I often get this question from collaborators and PIs trying to plan their experiments and budgets. How much coverage is sufficient for an RNA-seq experiment?
One problem with this question is that having a single meaningful coverage value is difficult for RNAseq. Any sample might have a different total amount of transcription, different numbers of transcribed genes/transcripts, different amount of transcriptome complexity (more or less alternate expression) and a different distribution of expression levels for those transcripts. Not to mention common confounding factors like 3' end-bias. All of these factors effectively alter the denominator for any overall coverage calculation. More useful metrics in my opinion are things like total number of reads (and percent of those which map to transcriptome) and total number of transcripts detected with at least X% of junctions with at least X coverage. We usually target at least 10k transcripts with at least 50% of their junctions with at least 10 or 20x coverage. That is approximately what we currently get from a single hiseq lane of 200-300M reads.
But, how much coverage is sufficient? It's even harder to answer this as it really depends on what you are hoping to accomplish. If you only need gene expression levels equivalent to say an Affymetrix gene expression array then it is probably more than sufficient. Same if you only want to validate variants in medium to highly expressed genes. But, I would argue that if that's all you want, then don't waste time/money with RNAseq. What we hope to get from RNA-seq are the above two items plus also confirm variants in lower expressed genes, get good estimates of expressed VAFs, identify lowly or rarely expressed tumor-specific isoforms, show significant differences between alternative splicing patterns, etc. For all these purposes, the one hiseq lane described above is just enough to get us started in my opinion. At present I think it is a good compromise between cost and benefit. But, as prices go down for sequencing we will want to increase it, not decrease it.
We recently found a known promoter mutation (TERT) in some tumors (HCC) we were studying. The mutation is predicted to increase binding of a transcription factor and has been shown to drive subtle but significant 2-4 fold increases in transcription. When we look at expression levels for this gene in RNAseq data we just barely detect it. In fact, the FPKM levels would normally be considered in the noise range. A typical filter of FPKM>1 across at least 20% of samples would eliminate this gene before even testing for a significant difference between normal/tumor or mutant/wildtype. This is a very important cancer gene, with a known mutation causing functional up-regulation that is almost undetectable at current depth levels if we don't already know to look for it! So, I argue that more depth is still needed (cost permitting). Would love to hear other people's thoughts on this.
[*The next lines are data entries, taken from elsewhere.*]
definition product_ring :: "'i set \<Rightarrow> ('i \<Rightarrow> ('a, 'c) ring_scheme) \<Rightarrow> ('i \<Rightarrow> 'a) ring"
  where "product_ring I R \<equiv>
    \<lparr>carrier = (\<Pi>\<^sub>E i\<in>I. carrier (R i)),
     monoid.mult = (\<lambda>x y. (\<lambda>i\<in>I. x i \<otimes>\<^bsub>R i\<^esub> y i)),
     one = (\<lambda>i\<in>I. \<one>\<^bsub>R i\<^esub>),
     zero = (\<lambda>i\<in>I. \<zero>\<^bsub>R i\<^esub>),
     add = (\<lambda>x y. (\<lambda>i\<in>I. x i \<oplus>\<^bsub>R i\<^esub> y i))\<rparr>"

definition Idem_elems :: "('a, 'c) ring_scheme \<Rightarrow> 'a set"
  where "Idem_elems R = {e \<in> carrier R. mult R e e = e}"

definition Reg_elems :: "('a, 'c) ring_scheme \<Rightarrow> 'a set"
  where "Reg_elems R = {r \<in> carrier R. \<exists>y \<in> carrier R. r = mult R (mult R r y) r}"

definition r_clean :: "('a, 'c) ring_scheme \<Rightarrow> bool"
  where "r_clean R \<longleftrightarrow> (\<forall>x \<in> carrier R. \<exists>r \<in> Reg_elems R. \<exists>e \<in> Idem_elems R. x = add R r e)"

definition weakly_r_clean_elem :: "('a, 'c) ring_scheme \<Rightarrow> 'a \<Rightarrow> bool"
  where "weakly_r_clean_elem R x \<longleftrightarrow>
    (\<exists>r \<in> Reg_elems R. \<exists>e \<in> Idem_elems R. x = add R r e \<or> x = a_minus R r e)"

definition weakly_r_clean :: "('a, 'c) ring_scheme \<Rightarrow> bool"
  where "weakly_r_clean R \<longleftrightarrow> (\<forall>x \<in> carrier R. weakly_r_clean_elem R x)"

end

theory Submission
  imports Defs
begin

text \<open>
  Since \<open>x = r - e\<close> iff \<open>-x = (-r) + e\<close> and \<open>-r\<close> is regular with \<open>r\<close>, an element is weakly
  r-clean iff \<open>x\<close> or \<open>-x\<close> is r-clean. In the product, r-cleanness is coordinatewise, so
  \<open>x\<close> is weakly r-clean iff all coordinates \<open>x i\<close> are r-clean or all \<open>-x i\<close> are.
  If \<open>a\<close> and \<open>b\<close> are not r-clean in two different factors, the element with coordinates \<open>a\<close>
  and \<open>-b\<close> and zero elsewhere violates both alternatives. Conversely, if only the factor
  \<open>R k\<close> may fail to be r-clean, the sign is dictated by the coordinate \<open>x k\<close>, and every
  other coordinate is r-clean together with its negative.
\<close>

definition r_clean_elem :: "('a, 'c) ring_scheme \<Rightarrow> 'a \<Rightarrow> bool"
  where "r_clean_elem R x \<longleftrightarrow> (\<exists>r \<in> Reg_elems R. \<exists>e \<in> Idem_elems R. x = r \<oplus>\<^bsub>R\<^esub> e)"

lemma r_clean_iff_r_clean_elem: "r_clean R \<longleftrightarrow> (\<forall>x \<in> carrier R. r_clean_elem R x)"
  by (simp add: r_clean_def r_clean_elem_def)

lemma (in ring) Reg_elems_a_inv:
  assumes "r \<in> Reg_elems R"
  shows "\<ominus> r \<in> Reg_elems R"
proof -
  obtain y where y: "y \<in> carrier R" "r \<in> carrier R" "r = r \<otimes> y \<otimes> r"
    using assms by (auto simp: Reg_elems_def)
  have "\<ominus> r = (\<ominus> r) \<otimes> (\<ominus> y) \<otimes> (\<ominus> r)"
    using y by (simp add: l_minus r_minus)
  then show ?thesis
    using y by (auto simp: Reg_elems_def)
qed

lemma (in ring) weakly_r_clean_elem_iff:
  assumes x: "x \<in> carrier R"
  shows "weakly_r_clean_elem R x \<longleftrightarrow> r_clean_elem R x \<or> r_clean_elem R (\<ominus> x)"
proof -
  have "(\<exists>r \<in> Reg_elems R. \<exists>e \<in> Idem_elems R. x = r \<ominus> e) \<longleftrightarrow> r_clean_elem R (\<ominus> x)"
  proof
    assume "\<exists>r \<in> Reg_elems R. \<exists>e \<in> Idem_elems R. x = r \<ominus> e"
    then obtain r e where re: "r \<in> Reg_elems R" "e \<in> Idem_elems R" "x = r \<ominus> e" by blast
    then have "\<ominus> x = \<ominus> r \<oplus> e"
      by (auto simp: Reg_elems_def Idem_elems_def a_minus_def minus_add)
    then show "r_clean_elem R (\<ominus> x)"
      using re Reg_elems_a_inv unfolding r_clean_elem_def by blast
  next
    assume "r_clean_elem R (\<ominus> x)"
    then obtain r e where re: "r \<in> Reg_elems R" "e \<in> Idem_elems R" "\<ominus> x = r \<oplus> e"
      unfolding r_clean_elem_def by blast
    have "r \<in> carrier R" "e \<in> carrier R"
      using re by (auto simp: Reg_elems_def Idem_elems_def)
    then have "x = \<ominus> r \<ominus> e"
      using x re(3) by (metis minus_minus minus_add a_minus_def)
    then show "\<exists>r \<in> Reg_elems R. \<exists>e \<in> Idem_elems R. x = r \<ominus> e"
      using re Reg_elems_a_inv by blast
  qed
  then show ?thesis
    unfolding weakly_r_clean_elem_def r_clean_elem_def by blast
qed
One issue to keep in mind: some (many? most?) samples are dominated by reads from just one or a few genes. Since these genes take up a large fraction of your fixed supply of total reads, the rest of the genes get lower coverage as a result. For example, in blood samples, globin genes generally make up 50% or more of the total reads, leaving you with less than 50% of the reads for the rest of the transcriptome. Keep this in mind when deciding how many reads you need, your samples are known to be dominated by certain transcripts.
Indeed. This falls under the topic of "different distribution of expression levels for those transcripts". While the overall shape of the distribution does change somewhat from sample to sample, it is I think always the case that you will "lose" a large fraction of your reads for a relatively small number of highly expressed genes. Its probably the single biggest reason why we need so many reads to properly cover the transcriptome. This effect can be mediated somewhat with cDNA capture or other strategies but that is probably a topic for another post.